After hearing and reading so much about the Transtheoretical Model and the Stages of Change, I wanted to supplement Tara’s lovely presentation and this week’s readings with an exploration of motivational interviewing. So this post will talk about how motivational interviewing is related to our readings, what exactly it is, how it’s related to public health in general and I’ll leave you with a question to ponder or discuss in the comment section.
How is this related to our readings?
Parvanta mentions motivational interviewing in the text when she differs theory-base methods (stage-based behavioral adoption) from practice strategies (motivational interviewing) and activities/channels (counseling sessions). What this means is that Motivational interviewing or MI, is an intervention that delivers an adaptation of stages of change theory to actually change an individual’s behaviour. MI is not the only way of delivering an adaptation of the stages of change theory. Click here to see another way to deliver a practice strategy informed by the Transtheoretical model.
What is Motivational Interviewing?
MI is an evidence-based counseling intervention that has shown to be effective in treating people with addictions issues (for those interested in the evidence here is an open access journal article full of psychology jargon about MI).
MI is used to ‘move’ people in one stage of change to another by directing the conversation in such a way so that the client (and not the clinician) is the one coming up with the reasons (motivation) to change. Like my title suggests a quick and dirty way to understand MI is that it is remarkably similar to the “reverse psychology” our parents (or at least TV parents) used on us when we were kids.
A foundational concept to MI is that people often get defensive when someone else is telling them why their behaviour is bad and they need to change it. This results in the person putting more effort into justifying their behaviour and why they shouldn’t change than why they should. For this reason, MI places the burden of explaining why a behaviour is bad on the person who is doing it. It is argued that this allows the person to own the behaviour change and their own personal reasons for change. This ownership increases the likelihood of follow through and maintenance of the behaviour change. MI can be compared to traditional ‘intervention’ style, which use confrontation to attempt to motivate people into changing in their problematic behaviours.
Below is a video of Dr. Bill Miller, the creator of motivational interview, talking about traditional addictions approaches, the background and basics of MI.

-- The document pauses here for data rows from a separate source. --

lemma sum_cis_zeta_power_eq_0:
  assumes "0 < m" "m < n"
  shows "(\<Sum>j=1..n. cis (real j * zeta n) ^ m) = 0"
proof -
  define q where "q = cis (real m * zeta n)"
  have "q \<noteq> 1"
  proof
    assume "q = 1"
    then have "cos (real m * zeta n) = 1" unfolding q_def by (metis cis.simps(1) one_complex.simps(1))
    then obtain k :: int where k: "real m * zeta n = 2 * pi * k"
      using cos_one_2pi_int by (metis mult.commute mult.left_commute)
    have "0 < real m * zeta n" "real m * zeta n < 2 * pi"
      using assms by (auto simp: zeta_def field_simps)
    with k have "0 < k" "k < 1" by (auto simp: zero_less_mult_iff mult_less_cancel_left1)
    then show False by simp
  qed
  have "(\<Sum>j=1..n. cis (real j * zeta n) ^ m) = (\<Sum>j=1..n. q ^ j)"
    by (intro sum.cong) (auto simp: q_def Complex.DeMoivre power_mult[symmetric] mult_ac)
  also have "\<dots> = (\<Sum>j\<in>Suc ` {..<n}. q ^ j)"
    by (simp add: image_Suc_lessThan)
  also have "\<dots> = (\<Sum>j<n. q * q ^ j)"
    by (simp add: sum.reindex)
  also have "\<dots> = 0"
    using \<open>q \<noteq> 1\<close> cis_zeta_power_eq_1[of n m] assms
    by (simp add: sum_distrib_left[symmetric] sum_gp_strict q_def)
  finally show ?thesis .
qed

lemma Re_cayley_transform:
  "Re ((1 + y) / (1 - y)) = (1 - (cmod y)\<^sup>2) / (cmod (1 - y))\<^sup>2"
proof -
  have "(cmod (1 - y))\<^sup>2 = (Re (1 - y))\<^sup>2 + (Im (1 - y))\<^sup>2" "(cmod y)\<^sup>2 = (Re y)\<^sup>2 + (Im y)\<^sup>2"
    by (simp_all only: cmod_power2)
  then show ?thesis by (simp add: Re_divide power2_eq_square algebra_simps)
qed

lemma poisson_kernel_eq_Re_cayley:
  "poisson_kernel \<rho> \<theta> = Re ((1 + \<rho> * cis \<theta>) / (1 - \<rho> * cis \<theta>))"
proof -
  have "(cmod (1 - \<rho> * cis \<theta>))\<^sup>2 = 1 + \<rho>\<^sup>2 - 2 * \<rho> * cos \<theta>"
    unfolding cmod_power2 by (simp add: power2_eq_square algebra_simps)
      (metis distrib_left mult.right_neutral sin_cos_squared_add3)
  moreover have "(cmod (\<rho> * cis \<theta>))\<^sup>2 = \<rho>\<^sup>2" by (simp add: norm_mult)
  ultimately show ?thesis
    by (simp add: poisson_kernel_def Re_cayley_transform)
qed

lemma sum_inverse_one_minus_roots_of_unity:
  fixes z :: complex
  assumes "0 < n" "z ^ n \<noteq> 1"
  shows "(\<Sum>j=1..n. 1 / (1 - z * cis (real j * zeta n))) = of_nat n / (1 - z ^ n)"
proof -
  define c where "c j = cis (real j * zeta n)" for j :: nat
  have cn: "c j ^ n = 1" for j
    unfolding c_def by (rule cis_zeta_power_eq_1[OF assms(1)])
  have "1 / (1 - z * c j) = (\<Sum>m<n. z ^ m * c j ^ m) / (1 - z ^ n)" for j
  proof -
    have e: "1 - z ^ n = (1 - z * c j) * (\<Sum>m<n. z ^ m * c j ^ m)"
      using one_diff_power_eq[of "z * c j" n] by (simp add: cn power_mult_distrib)
    with assms(2) have "1 - z * c j \<noteq> 0" by auto
    with e assms(2) show ?thesis by (simp add: field_simps)
  qed
  then have "(\<Sum>j=1..n. 1 / (1 - z * c j)) = (\<Sum>m<n. z ^ m * (\<Sum>j=1..n. c j ^ m)) / (1 - z ^ n)"
    by (simp add: sum_divide_distrib[symmetric] sum_distrib_left) (rule disjI2, rule sum.swap)
  also have "(\<Sum>m<n. z ^ m * (\<Sum>j=1..n. c j ^ m)) = (\<Sum>m\<in>{0}. z ^ m * (\<Sum>j=1..n. c j ^ m))"
    by (rule sum.mono_neutral_right)
      (use assms sum_cis_zeta_power_eq_0[of _ n] in \<open>auto simp: c_def\<close>)
  finally show ?thesis by (simp add: c_def)
qed

lemma sum_cayley_roots_of_unity:
  fixes z :: complex
  assumes "0 < n" "cmod z < 1"
  shows "(\<Sum>j=1..n. (1 + z * cis (real j * zeta n)) / (1 - z * cis (real j * zeta n)))
         = of_nat n * ((1 + z ^ n) / (1 - z ^ n))"
proof -
  have "cmod (z ^ n) < 1"
    using assms by (simp add: norm_power power_less_one_iff)
  then have zn: "z ^ n \<noteq> 1" by auto
  have "1 - z * cis (real j * zeta n) \<noteq> 0" for j
  proof
    assume "1 - z * cis (real j * zeta n) = 0"
    then have "cmod (z * cis (real j * zeta n)) = 1"
      by (metis eq_iff_diff_eq_0 norm_one)
    with assms show False by (simp add: norm_mult)
  qed
  then have "(1 + z * cis (real j * zeta n)) / (1 - z * cis (real j * zeta n))
      = 2 * (1 / (1 - z * cis (real j * zeta n))) - 1" for j
    by (simp add: field_simps)
  then have "(\<Sum>j=1..n. (1 + z * cis (real j * zeta n)) / (1 - z * cis (real j * zeta n)))
      = 2 * (\<Sum>j=1..n. 1 / (1 - z * cis (real j * zeta n))) - of_nat n"
    by (simp only: sum_subtractf sum_distrib_left[symmetric]) simp
  also have "\<dots> = 2 * (of_nat n / (1 - z ^ n)) - of_nat n"
    by (simp only: sum_inverse_one_minus_roots_of_unity[OF assms(1) zn])
  also have "\<dots> = of_nat n * ((1 + z ^ n) / (1 - z ^ n))"
    using zn by (simp add: field_simps)
  finally show ?thesis .
qed

lemma sum_poisson_kernel_roots_of_unity:
  assumes "0 < n" "0 \<le> \<rho>" "\<rho> < 1"
  shows "(\<Sum>j=1..n. poisson_kernel \<rho> (real j * zeta n - \<phi>))
       = real n * poisson_kernel (\<rho> ^ n) (real n * \<phi>)"
proof -
  define z where "z = complex_of_real \<rho> * cis (- \<phi>)"
  have "\<rho> * cis (real j * zeta n - \<phi>) = z * cis (real j * zeta n)" for j
    by (simp add: z_def cis_mult)
  moreover have "z ^ n = \<rho> ^ n * cis (- (real n * \<phi>))"
    by (simp add: z_def power_mult_distrib Complex.DeMoivre)
  moreover have "cmod z < 1"
    using assms by (simp add: z_def norm_mult)
  ultimately have "(\<Sum>j=1..n. poisson_kernel \<rho> (real j * zeta n - \<phi>))
      = Re (of_nat n * ((1 + \<rho> ^ n * cis (- (real n * \<phi>))) / (1 - \<rho> ^ n * cis (- (real n * \<phi>)))))"
    using sum_cayley_roots_of_unity[OF assms(1)]
    by (simp add: poisson_kernel_eq_Re_cayley flip: Re_sum)
  also have "\<dots> = real n * poisson_kernel (\<rho> ^ n) (real n * \<phi>)"
    by (simp only: times_complex.sel complex_Re_of_nat complex_Im_of_nat
        poisson_kernel_eq_Re_cayley[symmetric]) (simp add: poisson_kernel_def)
  finally show ?thesis .
qed

lemma poisson_denominator_pos:
  fixes \<rho> \<theta> :: real
  assumes "0 \<le> \<rho>" "\<rho> < 1"
  shows "0 < 1 + \<rho>\<^sup>2 - 2 * \<rho> * cos \<theta>"
proof -
  have "\<rho> * cos \<theta> \<le> \<rho>" using assms by (simp add: mult_left_le)
  then have "(1 - \<rho>)\<^sup>2 \<le> 1 + \<rho>\<^sup>2 - 2 * \<rho> * cos \<theta>"
    by (simp add: power2_eq_square algebra_simps)
  moreover have "0 < (1 - \<rho>)\<^sup>2" using assms by simp
  ultimately show ?thesis by linarith
qed

lemma poisson_kernel_has_real_derivative:
  assumes "0 \<le> \<rho>" "\<rho> < 1"
  shows "(poisson_kernel \<rho> has_real_derivative
           - sin \<theta> * (2 * \<rho> * (1 - \<rho>\<^sup>2) / (1 + \<rho>\<^sup>2 - 2 * \<rho> * cos \<theta>)\<^sup>2)) (at \<theta>)"
proof -
  have "((\<lambda>\<theta>. (1 - \<rho>\<^sup>2) / (1 + \<rho>\<^sup>2 - 2 * \<rho> * cos \<theta>)) has_real_derivative
      - ((1 - \<rho>\<^sup>2) * (- (2 * \<rho> * - sin \<theta>))) / (1 + \<rho>\<^sup>2 - 2 * \<rho> * cos \<theta>)\<^sup>2) (at \<theta>)"
    using poisson_denominator_pos[OF assms, of \<theta>]
    by (auto intro!: derivative_eq_intros simp: power2_eq_square)
  then show ?thesis
    unfolding poisson_kernel_def[abs_def] by (simp add: field_simps)
qed

lemma obtain_poisson_scaling:
  fixes r B :: real
  assumes "0 < r" "2 * r < B"
  obtains l \<rho> where "0 < l" "0 < \<rho>" "\<rho> < 1" "B = l * (1 + \<rho>\<^sup>2)" "r = l * \<rho>"
proof
  define s where "s = sqrt (B\<^sup>2 - 4 * r\<^sup>2)"
  have "0 < (B - 2 * r) * (B + 2 * r)"
    using assms by (intro mult_pos_pos) auto
  then have "0 < B\<^sup>2 - 4 * r\<^sup>2"
    by (simp add: power2_eq_square algebra_simps)
  then have s: "0 \<le> s" "s\<^sup>2 = B\<^sup>2 - 4 * r\<^sup>2" by (simp_all add: s_def)
  have Bs: "0 < B + s" using assms s by linarith
  show "0 < (B + s) / 2" "0 < 2 * r / (B + s)" "2 * r / (B + s) < 1"
    using assms s Bs by (simp_all add: divide_less_eq)
  show "r = (B + s) / 2 * (2 * r / (B + s))" using Bs by simp
  have "(B + s) / 2 * (1 + (2 * r / (B + s))\<^sup>2) = ((B + s)\<^sup>2 + 4 * r\<^sup>2) / (2 * (B + s))"
    using Bs by (simp add: divide_simps) (simp add: power2_eq_square algebra_simps)
  also have "(B + s)\<^sup>2 + 4 * r\<^sup>2 = 2 * B * (B + s)"
    using s(2) by (simp add: power2_eq_square algebra_simps)
  also have "2 * B * (B + s) / (2 * (B + s)) = B"
    using Bs by (simp add: field_simps)
  finally show "B = (B + s) / 2 * (1 + (2 * r / (B + s))\<^sup>2)"
    by (rule sym)
qed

This is public health course not a course in addictions. Why should I know about motivational interviewing?
MI is now being used for individual behavior change for behaviors like physical inactivity and healthy eating. The Public Health Agency of Canada is now promoting the use of MI techniques by physicians for supporting behaviour change in their patients (as seen in the video overview below). See their website for more videos on using MI techniques for specific behaviours (eg. physical inactivity).
A question for your consideration:
Motivational interviewing claims to be client driven but can also be portrayed as quite manipulative. What ethical considerations do you think are important to be aware of before using MI or any other change theories on the behaviour of others?